By the end of the XIX Century, literary habits inevitably had to adapt to new communicative reference points, whereby the poetic word turned into an essential tool for conveying a symbolic plurality intimately anchored to the deepest regions of the human soul. On the one hand, this shift entailed the creation of a theoretical system based on the assimilation of different artistic mediums; on the other, it implied the search for deeper meanings, which would chane poetry into a kind of deviated theology, made of mental trips, sensorial overexcitements and arcane contemplations.

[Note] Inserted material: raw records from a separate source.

lemma card_bad_draws_le:
  assumes m: "m \<ge> 1" and d: "d \<ge> 2" and s: "s \<ge> m * d" "real s \<ge> 2 * real d * ln (real d)"
  shows "real (card (bad_draws m d s)) \<le> (real d ^ m) ^ s * nonspanning_bound m d"
proof -
  let ?A = "\<Union>S\<in>small_pair_sets m d. {w\<in>draws m d s. \<forall>z\<in>set w. hits m S z}"
  let ?B = "\<Union>S\<in>small_pair_sets m d - {{}}. {w\<in>draws m d s. \<forall>z\<in>set w. \<not> hits_once m S z}"
  let ?C = "{w\<in>draws m d s. in_small_zero_set m d (set w)}"
  have "bad_draws m d s \<subseteq> ?A \<union> ?B \<union> ?C"
  proof
    fix w assume "w \<in> bad_draws m d s"
    then have w: "w \<in> draws m d s" and not_spanning: "\<not> affinely_spanning m d (set w)"
      by (auto simp: bad_draws_def)
    from d have "d \<ge> 1" by simp
    then show "w \<in> ?A \<union> ?B \<union> ?C"
      by (cases rule: not_affinely_spanning_cases[OF m _ not_spanning])
         (use w in \<open>auto simp: small_pair_sets_def\<close>)
  qed
  moreover have "finite (?A \<union> ?B \<union> ?C)"
    by (rule finite_subset[OF _ finite_draws]) auto
  ultimately have "card (bad_draws m d s) \<le> card (?A \<union> ?B \<union> ?C)"
    by (intro card_mono)
  also have "\<dots> \<le> card ?A + card ?B + card ?C"
    using card_Un_le[of "?A \<union> ?B" ?C] card_Un_le[of ?A ?B] by linarith
  finally have "real (card (bad_draws m d s)) \<le> real (card ?A) + real (card ?B) + real (card ?C)"
    by linarith
  also have "\<dots> \<le> (real d ^ m) ^ s * (1/2) ^ d + (real d ^ m) ^ s * (exp (real m * real d powr (-1/2)) - 1)
      + (real d ^ m) ^ s * exp ((real m * real d + 1) * ln (8 * real m) - real d * ln (real d) / (4 * real m))"
    using card_draws_all_hit_some_le[OF m s(1)] card_draws_never_hit_once_some_le[OF d s(2)]
      card_draws_in_small_zero_set_le[OF m s(2)]
    by (intro add_mono)
  also have "\<dots> = (real d ^ m) ^ s * nonspanning_bound m d"
    by (simp add: nonspanning_bound_def algebra_simps)
  finally show ?thesis .
qed

lemma nonspanning_bound_tendsto_0:
  assumes "m \<ge> 1"
  shows "nonspanning_bound m \<longlonglongrightarrow> 0"
proof -
  have "((\<lambda>x::real. (1/2) powr x + (exp (real m * x powr (-1/2)) - 1)
      + exp ((real m * x + 1) * ln (8 * real m) - x * ln x / (4 * real m))) \<longlongrightarrow> 0) at_top"
    using assms by real_asymp
  then have "((\<lambda>d. (1/2) powr real d + (exp (real m * real d powr (-1/2)) - 1)
      + exp ((real m * real d + 1) * ln (8 * real m) - real d * ln (real d) / (4 * real m))) \<longlongrightarrow> 0) sequentially"
    by (rule filterlim_compose[OF _ filterlim_real_sequentially])
  then show ?thesis
    by (simp add: nonspanning_bound_def[abs_def] powr_realpow)
qed

lemma bad_draws_fraction_le:
  assumes m: "m \<ge> 1" and d: "d \<ge> 2" and s: "real s \<ge> 2 * (real m * real d + real d * ln (real d))"
  shows "real (card (bad_draws m d s)) / real (card (draws m d s)) \<le> nonspanning_bound m d"
proof -
  have "0 \<le> real d * ln (real d)" "0 \<le> real m * real d"
    using d by simp_all
  then have "real (m * d) \<le> real s" "real s \<ge> 2 * real d * ln (real d)"
    using s by (simp_all only: of_nat_mult mult.assoc ring_distribs)
  then have "real (card (bad_draws m d s)) \<le> (real d ^ m) ^ s * nonspanning_bound m d"
    by (intro card_bad_draws_le[OF m d]) (simp_all only: of_nat_le_iff)
  moreover have "real (card (draws m d s)) = (real d ^ m) ^ s" "(real d ^ m) ^ s > 0"
    using d by (simp_all add: card_draws)
  ultimately show ?thesis
    by (simp add: divide_le_eq mult.commute)
qed

lemma bad_draws_no_attributes:
  assumes "s \<ge> 1"
  shows "bad_draws 0 d s = {}"
proof -
  have "set w = attrs 0 d" if "w \<in> draws 0 d s" for w
    using that assms by (cases w) (auto simp: draws_def attrs_def)
  then show ?thesis
    by (auto simp: bad_draws_def affinely_spanning_def zero_set_def)
qed

lemma bad_draws_fraction_eventually_lt:
  assumes c: "c > 0"
  obtains D where "\<And>d s. d \<ge> D \<Longrightarrow> real s \<ge> 2 * c * (real m * real d + real d * ln (real d)) \<Longrightarrow>
    real (card (bad_draws m d s)) / real (card (draws m d s)) < 1 / c"
proof (cases "c < 1")
  case True
  have "real (card (bad_draws m d s)) / real (card (draws m d s)) \<le> 1" for d s
    using card_mono[OF finite_draws, of "bad_draws m d s" m d s] by (auto simp: bad_draws_def divide_le_eq_1)
  moreover have "1 < 1 / c" using c True by simp
  ultimately show ?thesis using that by (meson le_less_trans)
next
  case False
  have scale: "2 * (real m * real d + real d * ln (real d)) \<le> 2 * c * (real m * real d + real d * ln (real d))"
    if "d \<ge> 2" for d
    using False that by (intro mult_right_mono) auto
  show ?thesis
  proof (cases "m = 0")
    case True
    have "s \<ge> 1" if "d \<ge> 2" "real s \<ge> 2 * c * (real m * real d + real d * ln (real d))" for d s
    proof -
      have "0 < 2 * c * (real d * ln (real d))"
        using that(1) c by (simp add: ln_gt_zero)
      then show ?thesis using that(2) True by simp
    qed
    then show ?thesis
      using that[of 2] True c by (simp add: bad_draws_no_attributes)
  next
    case False
    then have m: "m \<ge> 1" by simp
    obtain D where D: "\<And>d. d \<ge> D \<Longrightarrow> nonspanning_bound m d < 1 / c"
      using order_tendstoD(2)[OF nonspanning_bound_tendsto_0[OF m], of "1 / c"] c
      by (auto simp: eventually_sequentially)
    show ?thesis
    proof (rule that[of "max D 2"])
      fix d s assume d: "max D 2 \<le> d" and s: "real s \<ge> 2 * c * (real m * real d + real d * ln (real d))"
      have "real (card (bad_draws m d s)) / real (card (draws m d s)) \<le> nonspanning_bound m d"
        using d s scale[of d] by (intro bad_draws_fraction_le[OF m]) auto
      also have "\<dots> < 1 / c"
        using d by (intro D) auto
      finally show "real (card (bad_draws m d s)) / real (card (draws m d s)) < 1 / c" .
    qed
  qed
qed

section \<open>Extrapolation from an affinely spanning support\<close>

lemma partition_fn_pos:
  fixes E :: "'a::euclidean_space \<Rightarrow> nat \<times> nat \<Rightarrow> real"
  assumes "AED_family m d E" "z \<in> attrs m d"
  shows "partition_fn m d E z > 0"
proof -
  have int: "integrable lborel (\<lambda>x. exp (- inner_md m d (sigma z) (E x)))"
    using assms unfolding AED_family_def by blast
  have "\<not> (AE x in lborel. exp (- inner_md m d (sigma z) (E x)) = 0)"
  proof
    assume "AE x in lborel. exp (- inner_md m d (sigma z) (E x)) = 0"
    then have "ae_filter (lborel :: 'a measure) = bot"
      by (simp add: eventually_False)
    then show False
      by (simp add: ae_filter_eq_bot_iff)
  qed
  then have "partition_fn m d E z \<noteq> 0"
    using integral_nonneg_eq_0_iff_AE[OF int] unfolding partition_fn_def by simp
  moreover have "partition_fn m d E z \<ge> 0"
    unfolding partition_fn_def by (rule integral_nonneg_AE) simp
  ultimately show ?thesis
    by simp
qed

lemma pmf_eq_if_agree_on_finite_support:
  assumes "finite (set_pmf q)" "\<And>z. z \<in> set_pmf q \<Longrightarrow> pmf p z = pmf q z"
  shows "p = q"
proof (rule pmf_eqI)
  have "measure_pmf.prob p (set_pmf q) = (\<Sum>z\<in>set_pmf q. pmf q z)"
    using assms by (simp add: measure_measure_pmf_finite)
  also have "\<dots> = 1"
    using assms(1) by (simp add: sum_pmf_eq_1)
  finally have "set_pmf p \<subseteq> set_pmf q"
    by (auto simp: measure_pmf.prob_eq_1 AE_measure_pmf_iff)
  fix z
  show "pmf p z = pmf q z"
    using assms(2) \<open>set_pmf p \<subseteq> set_pmf q\<close> by (cases "z \<in> set_pmf q") (auto simp: set_pmf_iff)
qed

lemma marginal_pos:
  assumes AED: "AED_family m d E" and pz: "set_pmf pz \<subseteq> attrs m d"
  shows "marginal m d E pz x > 0"
  unfolding marginal_def
proof (rule sum_pos)
  show "finite (set_pmf pz)"
    using pz finite_attrs by (rule finite_subset)
  show "set_pmf pz \<noteq> {}"
    by (rule set_pmf_not_empty)
  fix z assume "z \<in> set_pmf pz"
  then show "0 < pmf pz z * cond_dens m d E z x"
    using pz partition_fn_pos[OF AED] by (auto simp: cond_dens_def set_pmf_eq')
qed

lemma energy_gap_if_aec_fits:
  fixes Eh E :: "'a::euclidean_space \<Rightarrow> nat \<times> nat \<Rightarrow> real"
    and m d :: nat and Bh :: "nat list \<Rightarrow> real" and pz :: "nat list pmf" and x :: 'a
  defines "S \<equiv> (\<Sum>z'\<in>set_pmf pz. aec_term m d Eh Bh pz z' x)"
  assumes fit: "aec m d Eh Bh pz z x = posterior m d E pz z x"
    and pos: "pmf pz z > 0" "partition_fn m d E z > 0" "S > 0" "marginal m d E pz x > 0"
  shows "inner_md m d (sigma z) (Eh x) - inner_md m d (sigma z) (E x) + ln (S / marginal m d E pz x)
    = ln (partition_fn m d E z) - Bh z"
proof -
  let ?I = "\<lambda>v. inner_md m d (sigma z) v"
  have "ln (aec m d Eh Bh pz z x) = - ?I (Eh x) + ln (pmf pz z) - Bh z - ln S"
    unfolding aec_def S_def[symmetric] using pos by (simp add: aec_term_def ln_div)
  moreover have "ln (posterior m d E pz z x)
      = ln (pmf pz z) - ?I (E x) - ln (partition_fn m d E z) - ln (marginal m d E pz x)"
    unfolding posterior_def cond_dens_def using pos by (simp add: ln_div ln_mult)
  ultimately show ?thesis
    using fit pos by (simp add: ln_div)
qed

lemma affinely_spanning_extends:
  assumes spanning: "affinely_spanning m d T" and T: "T \<subseteq> attrs m d"
    and gap: "\<And>z x. z \<in> T \<Longrightarrow> inner_md m d (sigma z) (F x) + g x = b z"
    and z: "z \<in> attrs m d"
  shows "inner_md m d (sigma z) (F x) + g x = inner_md m d (sigma z) (F x0) + g x0"
proof -
  let ?v = "\<lambda>p. F x p - F x0 p" and ?t = "g x - g x0"
  have "T \<subseteq> zero_set m d ?v ?t"
  proof
    fix z assume z: "z \<in> T"
    then show "z \<in> zero_set m d ?v ?t"
      using T gap[OF z, of x] gap[OF z, of x0] by (auto simp: zero_set_def inner_md_diff)
  qed
  then have "z \<in> zero_set m d ?v ?t"
    using spanning z unfolding affinely_spanning_def by blast
  then show ?thesis
    by (simp add: zero_set_def inner_md_diff)
qed

lemma extrap_bias_eq_if_energy_shift:
  fixes Eh E :: "'a::euclidean_space \<Rightarrow> nat \<times> nat \<Rightarrow> real"
    and m d :: nat and Bh :: "nat list \<Rightarrow> real" and pz :: "nat list pmf"
  defines "S \<equiv> \<lambda>x. \<Sum>z'\<in>set_pmf pz. aec_term m d Eh Bh pz z' x"
  assumes shift: "\<And>x. inner_md m d (sigma z) (Eh x)
      = inner_md m d (sigma z) (E x) - ln (S x / marginal m d E pz x) + \<kappa>"
    and pos: "partition_fn m d E z > 0" "\<And>x. S x > 0" "\<And>x. marginal m d E pz x > 0"
  shows "extrap_bias m d E Eh Bh pz z = ln (partition_fn m d E z) - \<kappa>"
proof -
  have "marginal m d E pz x * (exp (- inner_md m d (sigma z) (Eh x)) / S x)
      = exp (- inner_md m d (sigma z) (E x)) * exp (- \<kappa>)" for x
    using pos(2,3)[of x] by (simp add: shift exp_add exp_diff exp_minus field_simps)
  then have "extrap_bias m d E Eh Bh pz z = ln (\<integral>x. exp (- inner_md m d (sigma z) (E x)) * exp (- \<kappa>) \<partial>lborel)"
    unfolding extrap_bias_def S_def by simp
  also have "\<dots> = ln (partition_fn m d E z) - \<kappa>"
    using pos(1) by (simp add: partition_fn_def ln_mult)
  finally show ?thesis .
qed

lemma crm_eq_posterior_if_energy_shift:
  assumes AED: "AED_family m d E" and q: "set_pmf q = attrs m d"
    and shift: "\<And>z x. z \<in> attrs m d \<Longrightarrow>
      inner_md m d (sigma z) (Eh x) = inner_md m d (sigma z) (E x) - g x + \<kappa> z"
    and B: "\<And>z. z \<in> attrs m d \<Longrightarrow> B z = ln (partition_fn m d E z) - \<kappa> z"
    and z: "z \<in> attrs m d"
  shows "crm m d Eh B q z x = posterior m d E q z x"
proof -
  have crm_term_eq: "crm_term m d Eh B q z' x = exp (g x) * (pmf q z' * cond_dens m d E z' x)"
    if z': "z' \<in> attrs m d" for z'
  proof -
    have "pmf q z' > 0" "partition_fn m d E z' > 0"
      using q z' partition_fn_pos[OF AED z'] by (auto simp: set_pmf_eq')
    then show ?thesis
      unfolding crm_term_def cond_dens_def shift[OF z'] B[OF z']
      by (simp add: exp_add exp_diff exp_minus field_simps)
  qed
  have "crm m d Eh B q z x = exp (g x) * (pmf q z * cond_dens m d E z x)
      / (\<Sum>z'\<in>attrs m d. exp (g x) * (pmf q z' * cond_dens m d E z' x))"
    unfolding crm_def q using crm_term_eq z by (simp cong: sum.cong)
  also have "\<dots> = posterior m d E q z x"
    by (simp add: posterior_def marginal_def q sum_distrib_left[symmetric])
  finally show ?thesis .
qed

definition crm_extrapolates ::
  "nat \<Rightarrow> nat \<Rightarrow> ('a::euclidean_space \<Rightarrow> nat \<times> nat \<Rightarrow> real) \<Rightarrow> nat list pmf \<Rightarrow> nat list set \<Rightarrow> bool" where
  "crm_extrapolates m d E q T \<longleftrightarrow>
     (\<forall>pz::nat list pmf. set_pmf pz = T \<longrightarrow>
        (\<forall>(Eh::'a \<Rightarrow> nat \<times> nat \<Rightarrow> real) (Bh::nat list \<Rightarrow> real).
           (\<forall>z\<in>T. \<forall>x. aec m d Eh Bh pz z x = posterior m d E pz z x) \<longrightarrow>
           (\<forall>qh::nat list pmf. (\<forall>z\<in>attrs m d. pmf qh z = pmf q z) \<longrightarrow>
              (\<forall>z\<in>attrs m d. \<forall>x.
                 crm m d Eh (extrap_bias m d E Eh Bh pz) qh z x = posterior m d E q z x))))"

Precisely in this context, the brand new forms of religious mysticism, which shared with modernistic sensibility the abandonment of the dogma and the interest in inner shapes, which influenced creative activities in Europe . In response to such a phenomena, a few fin de siecle poets, such as Verlaine, Ruben Dario and Manuel Machado committed to the new decadent and symbolist taste, aware of the inadequacy of the ‘functional’ word, in a world already diminished by the never-ending trade of juju objects: their act of rebellion towards a canonized tradition eventually imposed the renovation of some aesthetic principles tied to the consumption, contemplation and crossing of artistic products. Those features are now considered chaotic containers of signs, physical simulacrums of an instable and hardly graspable transcendent reality. This paper offers some interpretations of Alma (1902), the first Manuel Machado’s poetic collection that succeeds in melting together iconic forms and esoteric ecstasy by an original and highly evocative expressive manner.